351 Water Street, St. John's, Nfld.  Image: Stantec.

351 Water Street, St. John’s, Nfld. Image: Stantec.

From the October-November 2016 print issue, p. 41

East Port Properties’ goal in building 351 Water Street in downtown St. John’s was to create a facility that was innovative, sustainable, healthy to work in, and respectful of its surroundings. It is the first building in Newfoundland and Labrador to be heated and cooled using seawater.
As prime consultant, Stantec designed the building and its mechanical-electrical systems. It consists of a 168,000-sq.ft., six-storey LEED-registered office tower standing above a six-level parkade and prime retail and commercial space.
The building uses the renewable energy source at its doorstep — the St. John’s Harbour — for heating and cooling. It extracts and discharges energy from the harbour seawater, resulting in 35% less energy usage than a conventional building of equivalent size.
Designing the seawater heating and cooling system posed a unique challenge for Stantec. The building sits approximately 20 metres from the harbour. The land between is crowded with infrastructure, which meant it was not possible to use conventional intake and discharge structures.
The building also sits on low lying, manmade land that consists of highly permeable geological material and fill. Seawater permeates the underground soils below the building, which led Stantec to investigate whether it were possible to extract or discharge the energy from this underground seawater.
The team’s search of the literature found no examples of a similar energy interface, so Stantec completed hydrogeological testing to confirm that vertically drilled water wells could produce the required volume of water from the soils below the building. The results from a test well confirmed the suitability of the site for the unique open loop system concept and the design proceeded as below.

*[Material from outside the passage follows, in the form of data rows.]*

lemma edge_slots_subset:
  assumes "S \<subseteq> {..<n}" "I \<subseteq> {..<n}" "S \<inter> I = {}"
  shows "edge_slots S I \<subseteq> {(i, j). i < j \<and> j < n}"
  using assms unfolding edge_slots_def by (fastforce simp: min_def max_def)

lemma card_adj_between:
  assumes "S \<inter> I = {}"
  shows "card {(i, i'). i \<in> S \<and> i' \<in> I \<and> adj G i i'} = card {k \<in> edge_slots S I. G k}"
proof -
  let ?slot = "\<lambda>(i :: nat, i'). (min i i', max i i')"
  have "{(i, i'). i \<in> S \<and> i' \<in> I \<and> adj G i i'} = {x \<in> S \<times> I. G (?slot x)}"
    using assms by (auto simp: adj_def)
  moreover have "{k \<in> edge_slots S I. G k} = ?slot ` {x \<in> S \<times> I. G (?slot x)}"
    unfolding edge_slots_def by auto
  moreover have "inj_on ?slot {x \<in> S \<times> I. G (?slot x)}"
    by (rule inj_on_subset[OF inj_on_edge_slot[OF assms]]) blast
  ultimately show ?thesis by (simp add: card_image)
qed

lemma real_card_filter_eq_sum:
  "finite T \<Longrightarrow> real (card {k \<in> T. P k}) = (\<Sum>k\<in>T. if P k then 1 else 0)"
  by (simp add: sum.If_cases Int_def)

lemma borel_measurable_card_PiM_bernoulli:
  assumes "T \<subseteq> E" "finite T"
  shows "(\<lambda>G. real (card {k \<in> T. G k}))
           \<in> borel_measurable (PiM E (\<lambda>_. measure_pmf (bernoulli_pmf p)))"
proof -
  have "(\<lambda>G. \<Sum>k\<in>T. if G k then 1 else (0 :: real))
          \<in> borel_measurable (PiM E (\<lambda>_. measure_pmf (bernoulli_pmf p)))"
  proof (intro borel_measurable_sum)
    fix k assume "k \<in> T"
    then have "(\<lambda>G. G k) \<in> measurable (PiM E (\<lambda>_. measure_pmf (bernoulli_pmf p)))
                                     (measure_pmf (bernoulli_pmf p))"
      using assms by (intro measurable_component_singleton) auto
    then show "(\<lambda>G. if G k then 1 else (0 :: real))
                 \<in> borel_measurable (PiM E (\<lambda>_. measure_pmf (bernoulli_pmf p)))"
      by (rule measurable_compose) simp
  qed
  then show ?thesis using assms(2) by (simp add: real_card_filter_eq_sum)
qed

lemma PiM_bernoulli_count_Hoeffding:
  fixes T E :: "'a set" and p :: real
  defines "B \<equiv> PiM E (\<lambda>_. measure_pmf (bernoulli_pmf p))"
  assumes p: "0 \<le> p" "p \<le> 1" and T: "T \<subseteq> E" "finite T" "T \<noteq> {}" and "r \<ge> 0"
  shows "measure B {G \<in> space B. \<bar>real (card {k \<in> T. G k}) - real (card T) * p\<bar> \<ge> r}
           \<le> 2 * exp (-2 * r\<^sup>2 / real (card T))"
proof -
  define Mb where "Mb = measure_pmf (bernoulli_pmf p)"
  define X :: "'a \<Rightarrow> ('a \<Rightarrow> bool) \<Rightarrow> real" where "X = (\<lambda>k G. if G k then 1 else 0)"
  interpret B: prob_space B
    unfolding B_def by (intro prob_space_PiM prob_space_measure_pmf)
  interpret PP: product_prob_space "\<lambda>_. Mb" E
    unfolding Mb_def by (intro product_prob_spaceI prob_space_measure_pmf)
  have component: "(\<lambda>G. G k) \<in> measurable B Mb" if "k \<in> E" for k
    using that unfolding B_def Mb_def by (rule measurable_component_singleton)
  have distr_component: "distr B Mb (\<lambda>G. G k) = Mb" if "k \<in> E" for k
    using that unfolding B_def Mb_def by (subst distr_PiM_component) (auto simp: prob_space_measure_pmf)
  have "B.indep_vars (\<lambda>_. Mb) (\<lambda>k G. G k) T"
  proof (subst B.indep_vars_iff_distr_eq_PiM')
    have "distr B (PiM T (\<lambda>_. Mb)) (\<lambda>G. \<lambda>k\<in>T. G k) = PiM T (\<lambda>_. Mb)"
      unfolding B_def Mb_def using PP.distr_PiM_restrict_finite[OF T(2,1)]
      by (simp add: Mb_def restrict_def)
    also have "\<dots> = PiM T (\<lambda>k. distr B Mb (\<lambda>G. G k))"
      using T(1) distr_component by (intro PiM_cong) auto
    finally show "distr B (PiM T (\<lambda>_. Mb)) (\<lambda>G. \<lambda>k\<in>T. G k) = PiM T (\<lambda>k. distr B Mb (\<lambda>G. G k))" .
  qed (use T component in auto)
  then have indep: "B.indep_vars (\<lambda>_. borel) X T"
    unfolding X_def
    by (rule B.indep_vars_compose2[where Y = "\<lambda>_ b. if b then 1 else (0 :: real)"])
       (simp add: Mb_def)
  have "B.expectation (X k) = p" if "k \<in> T" for k
  proof -
    have "B.expectation (X k) = integral\<^sup>L (distr B Mb (\<lambda>G. G k)) (\<lambda>b. if b then 1 else (0 :: real))"
      unfolding X_def using component[of k] that T(1) by (subst integral_distr) (auto simp: Mb_def)
    also have "\<dots> = p"
      using distr_component[OF subsetD[OF T(1) that]] p by (simp add: Mb_def)
    finally show ?thesis .
  qed
  then have mean: "(\<Sum>k\<in>T. B.expectation (X k)) = real (card T) * p" by simp
  interpret H: Hoeffding_ineq B T X "\<lambda>_. 0" "\<lambda>_. 1" "\<Sum>k\<in>T. B.expectation (X k)"
    by unfold_locales (use T(2) indep in \<open>auto simp: X_def\<close>)
  have "(\<Sum>k\<in>T. ((1 :: real) - 0)\<^sup>2) = real (card T)" by simp
  moreover have "real (card T) > 0" using T by (simp add: card_gt_0_iff)
  ultimately show ?thesis
    using H.Hoeffding_ineq_abs_ge[OF \<open>r \<ge> 0\<close>, unfolded mean] T(2)
    by (simp add: X_def real_card_filter_eq_sum)
qed

definition disjoint_vertex_pairs :: "nat \<Rightarrow> (nat set \<times> nat set) set" where
  "disjoint_vertex_pairs n = {(S, I). S \<subseteq> {..<n} \<and> I \<subseteq> {..<n} \<and> S \<inter> I = {}}"

lemma finite_disjoint_vertex_pairs: "finite (disjoint_vertex_pairs n)"
  and card_disjoint_vertex_pairs: "card (disjoint_vertex_pairs n) \<le> 4 ^ n"
proof -
  have sub: "disjoint_vertex_pairs n \<subseteq> Pow {..<n} \<times> Pow {..<n}"
    unfolding disjoint_vertex_pairs_def by auto
  then show "finite (disjoint_vertex_pairs n)" by (rule finite_subset) simp
  have "card (disjoint_vertex_pairs n) \<le> card (Pow {..<n} \<times> Pow {..<n})"
    by (rule card_mono[OF _ sub]) simp
  also have "\<dots> = 4 ^ n"
    by (simp add: card_cartesian_product card_Pow power_mult_distrib[symmetric])
  finally show "card (disjoint_vertex_pairs n) \<le> 4 ^ n" .
qed

definition cross_edge_deviation_event ::
  "nat \<Rightarrow> real \<Rightarrow> real \<Rightarrow> nat set \<Rightarrow> nat set \<Rightarrow> (nat \<times> nat \<Rightarrow> bool) set" where
  "cross_edge_deviation_event n p \<epsilon> S I = {G \<in> space (edge_meas n p).
     \<bar>real (card {k \<in> edge_slots S I. G k}) - real (card (edge_slots S I)) * p\<bar> \<ge> \<epsilon> * real n ^ 2}"

definition deviant_graphs :: "nat \<Rightarrow> real \<Rightarrow> real \<Rightarrow> (nat \<times> nat \<Rightarrow> bool) set" where
  "deviant_graphs n p \<epsilon> =
     (\<Union>(S, I)\<in>disjoint_vertex_pairs n. cross_edge_deviation_event n p \<epsilon> S I)"

lemma cross_edge_deviation_event_sets:
  assumes "(S, I) \<in> disjoint_vertex_pairs n"
  shows "cross_edge_deviation_event n p \<epsilon> S I \<in> sets (edge_meas n p)"
proof -
  have "edge_slots S I \<subseteq> {(i, j). i < j \<and> j < n}" "finite (edge_slots S I)"
    using assms edge_slots_subset finite_subset[of _ "{..<n}"]
    by (auto simp: disjoint_vertex_pairs_def intro!: finite_edge_slots)
  note [measurable] = borel_measurable_card_PiM_bernoulli[OF this, of p, folded edge_meas_def]
  show ?thesis unfolding cross_edge_deviation_event_def by measurable
qed

lemma deviant_graphs_sets: "deviant_graphs n p \<epsilon> \<in> sets (edge_meas n p)"
  unfolding deviant_graphs_def
  using finite_disjoint_vertex_pairs cross_edge_deviation_event_sets by auto

lemma measure_cross_edge_deviation_event:
  assumes p: "0 \<le> p" "p \<le> 1" and "\<epsilon> > 0" "n > 0" and SI: "(S, I) \<in> disjoint_vertex_pairs n"
  shows "measure (edge_meas n p) (cross_edge_deviation_event n p \<epsilon> S I)
           \<le> 2 * exp (-2 * \<epsilon>\<^sup>2 * real n ^ 2)"
proof (cases "edge_slots S I = {}")
  case True
  with \<open>\<epsilon> > 0\<close> \<open>n > 0\<close> have "cross_edge_deviation_event n p \<epsilon> S I = {}"
    unfolding cross_edge_deviation_event_def by (auto simp: not_le)
  then show ?thesis by simp
next
  case False
  let ?c = "real (card (edge_slots S I))"
  have S: "S \<subseteq> {..<n}" and I: "I \<subseteq> {..<n}" and disj: "S \<inter> I = {}"
    using SI by (auto simp: disjoint_vertex_pairs_def)
  then have fin: "finite (edge_slots S I)"
    by (meson finite_edge_slots finite_lessThan finite_subset)
  have "card S * card I \<le> n * n"
    using S I by (intro mult_le_mono) (auto dest: card_mono[rotated])
  then have "?c \<le> real n ^ 2"
    using card_edge_slots[OF disj] by (simp add: power2_eq_square flip: of_nat_mult)
  then have "2 * \<epsilon>\<^sup>2 * real n ^ 2 * ?c \<le> 2 * \<epsilon>\<^sup>2 * real n ^ 2 * real n ^ 2"
    by (intro mult_left_mono) auto
  moreover have "?c > 0" using False fin by (simp add: card_gt_0_iff)
  ultimately have "2 * \<epsilon>\<^sup>2 * real n ^ 2 \<le> 2 * (\<epsilon> * real n ^ 2)\<^sup>2 / ?c"
    by (simp add: field_simps power2_eq_square)
  then have "exp (-2 * (\<epsilon> * real n ^ 2)\<^sup>2 / ?c) \<le> exp (-2 * \<epsilon>\<^sup>2 * real n ^ 2)"
    by simp
  moreover have "measure (edge_meas n p) (cross_edge_deviation_event n p \<epsilon> S I)
                   \<le> 2 * exp (-2 * (\<epsilon> * real n ^ 2)\<^sup>2 / ?c)"
    unfolding cross_edge_deviation_event_def edge_meas_def
    using \<open>\<epsilon> > 0\<close> p edge_slots_subset[OF S I disj] fin False
    by (intro PiM_bernoulli_count_Hoeffding) auto
  ultimately show ?thesis by linarith
qed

Unique open loop concept and system
Depending on the season the HVAC system’s heat recovery chiller absorbs or rejects heat to the harbour through heat exchange with three seawater wells.
Stainless steel torpedo pumps and piping are used in the geo-exchange system to limit corrosion of the system in the high saline conditions. An innovative process for raw water filtration reduces the suspended solids and improves the energy exchanger performance. The team drilled a hole about 11 metres deep with a casing, inserted a smaller pipe with a well screen and filled the annular space with an engineered pea stone. The system tests positively to 500 U.S. GPM and the water is very clear. Two wide mouth plate and frame heat exchangers isolate the chiller/heat pump water from the raw water. The system is charged with 35% propylene glycol.
The system is extremely cost-effective based on life cycle costs, and it requires a relatively minor addition of infrastructure beyond conventional systems.

Energy recovery and indoor air quality
In addition to the seawater heating and cooling system, the building’s HVAC systems recover energy from waste heat sources whenever possible, including the building’s general exhaust and tenant server rooms. When supplemental heating is required — generally only on the coldest winter days — two 400 kW electric boilers provide additional heating capacity to the heat pump system.
351 Water Street also has superior indoor environmental quality. Each floor is equipped with two variable air volume (VAV) air handling units; one for perimeter zones and the other for interior zones. Spaces such as meeting rooms and boardrooms are provided with demand controlled ventilation using CO2 sensors where fresh air delivery is controlled.
351 Water Street, St. John’s, Nfld. & Labrador
Award-winning firm (prime consultant, architecture, mechanical, electrical, interiors, geotechnical, environmental):   Stantec (Kerry Gosse, Strat Barrett, Bernie Ropson, P.Eng., Tony Costello, P.Eng., Lez Snow, Bob Macleod, P.Geo., Sterling Parsons, P.Eng.)
Owner/client: East Port Properties
Other key players:  Pinnacle (civil), DBA (structural), Solterre (sustainability), Trendex (construction management /contractor)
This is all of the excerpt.